◆ PROBLEM REQUIREMENTS
Write out exactly the lines of the entries below from the one holding "using set_pmf_subset_pmf by (intro" to the one holding "using disj by (intro infsum_0)", inclusive, and leave out all other lines.

◆ SOURCE MATERIAL
lemma pmf_subset_pmf:
  assumes S: "S \<subseteq> {..<p}"
  shows "pmf (subset_pmf p \<pi>) S = pmf \<pi> (card S) / real (p choose card S)"
proof -
  have "card S \<le> p" using card_mono[OF _ S] by auto
  have "pmf (subset_pmf p \<pi>) S = (\<integral>s. pmf (pmf_of_set {S. S \<subseteq> {..<p} \<and> card S = s}) S \<partial>measure_pmf \<pi>)"
    unfolding subset_pmf_def pmf_bind ..
  also have "\<dots> = (\<Sum>s\<in>{card S}. pmf (pmf_of_set {T. T \<subseteq> {..<p} \<and> card T = s}) S * pmf \<pi> s)"
  proof (rule integral_measure_pmf_real)
    fix s assume "s \<in> set_pmf \<pi>" "pmf (pmf_of_set {S. S \<subseteq> {..<p} \<and> card S = s}) S \<noteq> 0"
    with set_pmf_\<pi> show "s \<in> {card S}"
      by (auto simp: pmf_of_set[OF k_subsets_nonempty finite_k_subsets] split: split_indicator_asm)
  qed simp
  also have "\<dots> = pmf \<pi> (card S) / real (p choose card S)"
    using S \<open>card S \<le> p\<close> by (simp add: pmf_of_set[OF k_subsets_nonempty finite_k_subsets] card_k_subsets)
  finally show ?thesis .
qed

lemma sets_prior: "sets (prior p \<pi> g) = sets (PiM {..<p} (\<lambda>_. borel))"
  unfolding prior_def by (rule sets_bind) auto

lemma measurable_prior_iff: "measurable (prior p \<pi> g) N = measurable (PiM {..<p} (\<lambda>_. borel)) N"
  by (rule measurable_cong_sets[OF sets_prior refl])

lemma nn_integral_prior:
  assumes f: "f \<in> borel_measurable (PiM {..<p} (\<lambda>_. borel))"
  shows "(\<integral>\<^sup>+\<beta>. f \<beta> \<partial>prior p \<pi> g)
       = (\<Sum>S\<in>Pow {..<p}. (\<integral>\<^sup>+b. f (restrict (zext S b) {..<p}) \<partial>G_S g S) * pmf (subset_pmf p \<pi>) S)"
proof -
  have kernel: "(\<lambda>S. distr (G_S g S) (PiM {..<p} (\<lambda>_. borel)) (\<lambda>b. restrict (zext S b) {..<p}))
           \<in> measurable (measure_pmf (subset_pmf p \<pi>)) (subprob_algebra (PiM {..<p} (\<lambda>_. borel)))"
    using prob_space.prob_space_distr[OF prob_space_G_S measurable_restrict_zext]
    by (auto simp: space_subprob_algebra intro: prob_space_imp_subprob_space)
  have "(\<integral>\<^sup>+\<beta>. f \<beta> \<partial>prior p \<pi> g)
      = (\<integral>\<^sup>+S. \<integral>\<^sup>+b. f (restrict (zext S b) {..<p}) \<partial>G_S g S \<partial>measure_pmf (subset_pmf p \<pi>))"
    unfolding prior_def nn_integral_bind[OF f kernel]
    by (intro nn_integral_cong nn_integral_distr measurable_restrict_zext) (simp add: f)
  also have "\<dots> = (\<Sum>S\<in>Pow {..<p}. (\<integral>\<^sup>+b. f (restrict (zext S b) {..<p}) \<partial>G_S g S) * pmf (subset_pmf p \<pi>) S)"
    using set_pmf_subset_pmf by (intro nn_integral_measure_pmf_support) auto
  finally show ?thesis .
qed

lemma nn_integral_prior_le_1:
  assumes "f \<in> borel_measurable (PiM {..<p} (\<lambda>_. borel))" "\<And>\<beta>. f \<beta> \<le> 1"
  shows "(\<integral>\<^sup>+\<beta>. f \<beta> \<partial>prior p \<pi> g) \<le> 1"
proof -
  have "(\<integral>\<^sup>+b. f (restrict (zext S b) {..<p}) \<partial>G_S g S) \<le> 1" for S
    using nn_integral_mono[of "G_S g S" _ "\<lambda>_. 1"] assms(2)
    by (simp add: prob_space.emeasure_space_1[OF prob_space_G_S])
  then have "(\<integral>\<^sup>+\<beta>. f \<beta> \<partial>prior p \<pi> g) \<le> (\<Sum>S\<in>Pow {..<p}. 1 * ennreal (pmf (subset_pmf p \<pi>) S))"
    unfolding nn_integral_prior[OF assms(1)] by (intro sum_mono mult_right_mono) auto
  also have "\<dots> = (\<integral>\<^sup>+S. 1 \<partial>measure_pmf (subset_pmf p \<pi>))"
    using set_pmf_subset_pmf by (subst nn_integral_measure_pmf_support[of "Pow {..<p}"]) auto
  finally show ?thesis by (simp add: measure_pmf.emeasure_space_1)
qed
lemma hitprob_eq_trans_op:
  assumes disj: "A \<inter> B = {}"
  shows "hitprob P A B x = trans_op P (eq_pot P A B) x"
proof -
  let ?h = "eq_pot P A B" and ?C = "- (A \<union> B)"
  have s: "(\<lambda>y. P x y * ?h y) summable_on S" for S by (rule summable_on_P_mult[OF bounded_fun_eq_pot])
  have "trans_op P ?h x = (\<Sum>\<^sub>\<infinity>y\<in>A \<union> (B \<union> ?C). P x y * ?h y)" unfolding trans_op_def
    by (rule arg_cong[where f="infsum _"]) auto
  also have "\<dots> = (\<Sum>\<^sub>\<infinity>y\<in>A. P x y * ?h y) + (\<Sum>\<^sub>\<infinity>y\<in>B \<union> ?C. P x y * ?h y)"
    by (rule infsum_Un_disjoint) (use disj s in auto)
  also have "(\<Sum>\<^sub>\<infinity>y\<in>B \<union> ?C. P x y * ?h y) = (\<Sum>\<^sub>\<infinity>y\<in>B. P x y * ?h y) + (\<Sum>\<^sub>\<infinity>y\<in>?C. P x y * ?h y)"
    by (rule infsum_Un_disjoint) (use s in auto)
  also have "(\<Sum>\<^sub>\<infinity>y\<in>A. P x y * ?h y) = (\<Sum>\<^sub>\<infinity>y\<in>A - B. P x y)"
    using disj by (intro infsum_cong_neutral) (auto simp: eq_pot_def)
  also have "(\<Sum>\<^sub>\<infinity>y\<in>B. P x y * ?h y) = 0"
    using disj by (intro infsum_0) (auto simp: eq_pot_def)
  also have "(\<Sum>\<^sub>\<infinity>y\<in>?C. P x y * ?h y) = (\<Sum>\<^sub>\<infinity>y\<in>?C. P x y * hitprob P A B y)"
    by (rule infsum_cong) (simp add: eq_pot_def)
  finally show ?thesis using hitprob_first_step[of A B x] by simp
qed

lemma eq_pot_harmonic:
  assumes "A \<inter> B = {}" "x \<notin> A \<union> B"
  shows "eq_pot P A B x = trans_op P (eq_pot P A B) x"
  using assms hitprob_eq_trans_op[OF assms(1)] by (simp add: eq_pot_def)

lemma eq_pot_swap:
  assumes disj: "A \<inter> B = {}" and ne: "a0 \<in> A \<union> B"
  shows "eq_pot P B A x = 1 - eq_pot P A B x"
proof -
  let ?D = "- (A \<union> B)"
  have disj': "B \<inter> A = {}" using disj by blast
  have vb: "bounded_fun (\<lambda>x. 1 - eq_pot P A B x)" by (intro bounded_fun_diff bounded_fun_const bounded_fun_eq_pot)
  have harm: "eq_pot P B A x = trans_op P (eq_pot P B A) x \<and> 1 - eq_pot P A B x = trans_op P (\<lambda>x. 1 - eq_pot P A B x) x"
    if "x \<in> ?D" for x
  proof
    show "eq_pot P B A x = trans_op P (eq_pot P B A) x" by (rule eq_pot_harmonic[OF disj']) (use that in auto)
    have "eq_pot P A B x = trans_op P (eq_pot P A B) x" by (rule eq_pot_harmonic[OF disj]) (use that in auto)
    then show "1 - eq_pot P A B x = trans_op P (\<lambda>x. 1 - eq_pot P A B x) x"
      by (simp add: trans_op_diff bounded_fun_const bounded_fun_eq_pot trans_op_const)
  qed
  have bd: "eq_pot P B A x = 1 - eq_pot P A B x" if "x \<notin> ?D" for x
    using that disj by (auto simp: eq_pot_def)
  have a0: "a0 \<notin> ?D" using ne by auto
  have "eq_pot P B A x \<le> 1 - eq_pot P A B x"
    by (rule harmonic_le[OF bounded_fun_eq_pot vb harm _ a0]) (use bd in auto)
  moreover have "1 - eq_pot P A B x \<le> eq_pot P B A x"
    by (rule harmonic_le[OF vb bounded_fun_eq_pot _ _ a0]) (use bd harm in auto)
  ultimately show ?thesis by simp
qed
inductive bvstep :: "lterm \<Rightarrow> lterm \<Rightarrow> bool" where
  beta: "bvstep (LApp (LLam t) (LLam v)) (lsubst t 0 (LLam v))"
| appL: "bvstep t t' \<Longrightarrow> bvstep (LApp t u) (LApp t' u)"
| appR: "bvstep t t' \<Longrightarrow> bvstep (LApp u t) (LApp u t')"

definition bvnorm :: "lterm \<Rightarrow> bool" where
  "bvnorm t \<longleftrightarrow> (\<exists>n. bvstep\<^sup>*\<^sup>* t n \<and> (\<nexists>n'. bvstep n n'))"

datatype lctx = LHole | LCLam lctx | LCAppL lctx lterm | LCAppR lterm lctx

fun lplug :: "lctx \<Rightarrow> lterm \<Rightarrow> lterm" where
  "lplug LHole t = t"
| "lplug (LCLam C) t = LLam (lplug C t)"
| "lplug (LCAppL C u) t = LApp (lplug C t) u"
| "lplug (LCAppR u C) t = LApp u (lplug C t)"

definition equiv_V :: "lterm \<Rightarrow> lterm \<Rightarrow> bool" where
  "equiv_V t u \<longleftrightarrow>
     (\<forall>C. lclosed (lplug C t) \<and> lclosed (lplug C u) \<longrightarrow> (bvnorm (lplug C t) \<longleftrightarrow> bvnorm (lplug C u)))"

fun emb :: "lterm \<Rightarrow> trm" where
  "emb (LVar i) = Var i"
| "emb (LLam t) = Lam (emb t)"
| "emb (LApp t u) = App (emb t) (emb u)"

end

theory Submission
  imports Defs
begin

◆ WRITTEN SOLUTION
    using set_pmf_subset_pmf by (intro nn_integral_measure_pmf_support) auto
  finally show ?thesis .
qed

lemma nn_integral_prior_le_1:
  assumes "f \<in> borel_measurable (PiM {..<p} (\<lambda>_. borel))" "\<And>\<beta>. f \<beta> \<le> 1"
  shows "(\<integral>\<^sup>+\<beta>. f \<beta> \<partial>prior p \<pi> g) \<le> 1"
proof -
  have "(\<integral>\<^sup>+b. f (restrict (zext S b) {..<p}) \<partial>G_S g S) \<le> 1" for S
    using nn_integral_mono[of "G_S g S" _ "\<lambda>_. 1"] assms(2)
    by (simp add: prob_space.emeasure_space_1[OF prob_space_G_S])
  then have "(\<integral>\<^sup>+\<beta>. f \<beta> \<partial>prior p \<pi> g) \<le> (\<Sum>S\<in>Pow {..<p}. 1 * ennreal (pmf (subset_pmf p \<pi>) S))"
    unfolding nn_integral_prior[OF assms(1)] by (intro sum_mono mult_right_mono) auto
  also have "\<dots> = (\<integral>\<^sup>+S. 1 \<partial>measure_pmf (subset_pmf p \<pi>))"
    using set_pmf_subset_pmf by (subst nn_integral_measure_pmf_support[of "Pow {..<p}"]) auto
  finally show ?thesis by (simp add: measure_pmf.emeasure_space_1)
qed
lemma hitprob_eq_trans_op:
  assumes disj: "A \<inter> B = {}"
  shows "hitprob P A B x = trans_op P (eq_pot P A B) x"
proof -
  let ?h = "eq_pot P A B" and ?C = "- (A \<union> B)"
  have s: "(\<lambda>y. P x y * ?h y) summable_on S" for S by (rule summable_on_P_mult[OF bounded_fun_eq_pot])
  have "trans_op P ?h x = (\<Sum>\<^sub>\<infinity>y\<in>A \<union> (B \<union> ?C). P x y * ?h y)" unfolding trans_op_def
    by (rule arg_cong[where f="infsum _"]) auto
  also have "\<dots> = (\<Sum>\<^sub>\<infinity>y\<in>A. P x y * ?h y) + (\<Sum>\<^sub>\<infinity>y\<in>B \<union> ?C. P x y * ?h y)"
    by (rule infsum_Un_disjoint) (use disj s in auto)
  also have "(\<Sum>\<^sub>\<infinity>y\<in>B \<union> ?C. P x y * ?h y) = (\<Sum>\<^sub>\<infinity>y\<in>B. P x y * ?h y) + (\<Sum>\<^sub>\<infinity>y\<in>?C. P x y * ?h y)"
    by (rule infsum_Un_disjoint) (use s in auto)
  also have "(\<Sum>\<^sub>\<infinity>y\<in>A. P x y * ?h y) = (\<Sum>\<^sub>\<infinity>y\<in>A - B. P x y)"
    using disj by (intro infsum_cong_neutral) (auto simp: eq_pot_def)
  also have "(\<Sum>\<^sub>\<infinity>y\<in>B. P x y * ?h y) = 0"
    using disj by (intro infsum_0) (auto simp: eq_pot_def)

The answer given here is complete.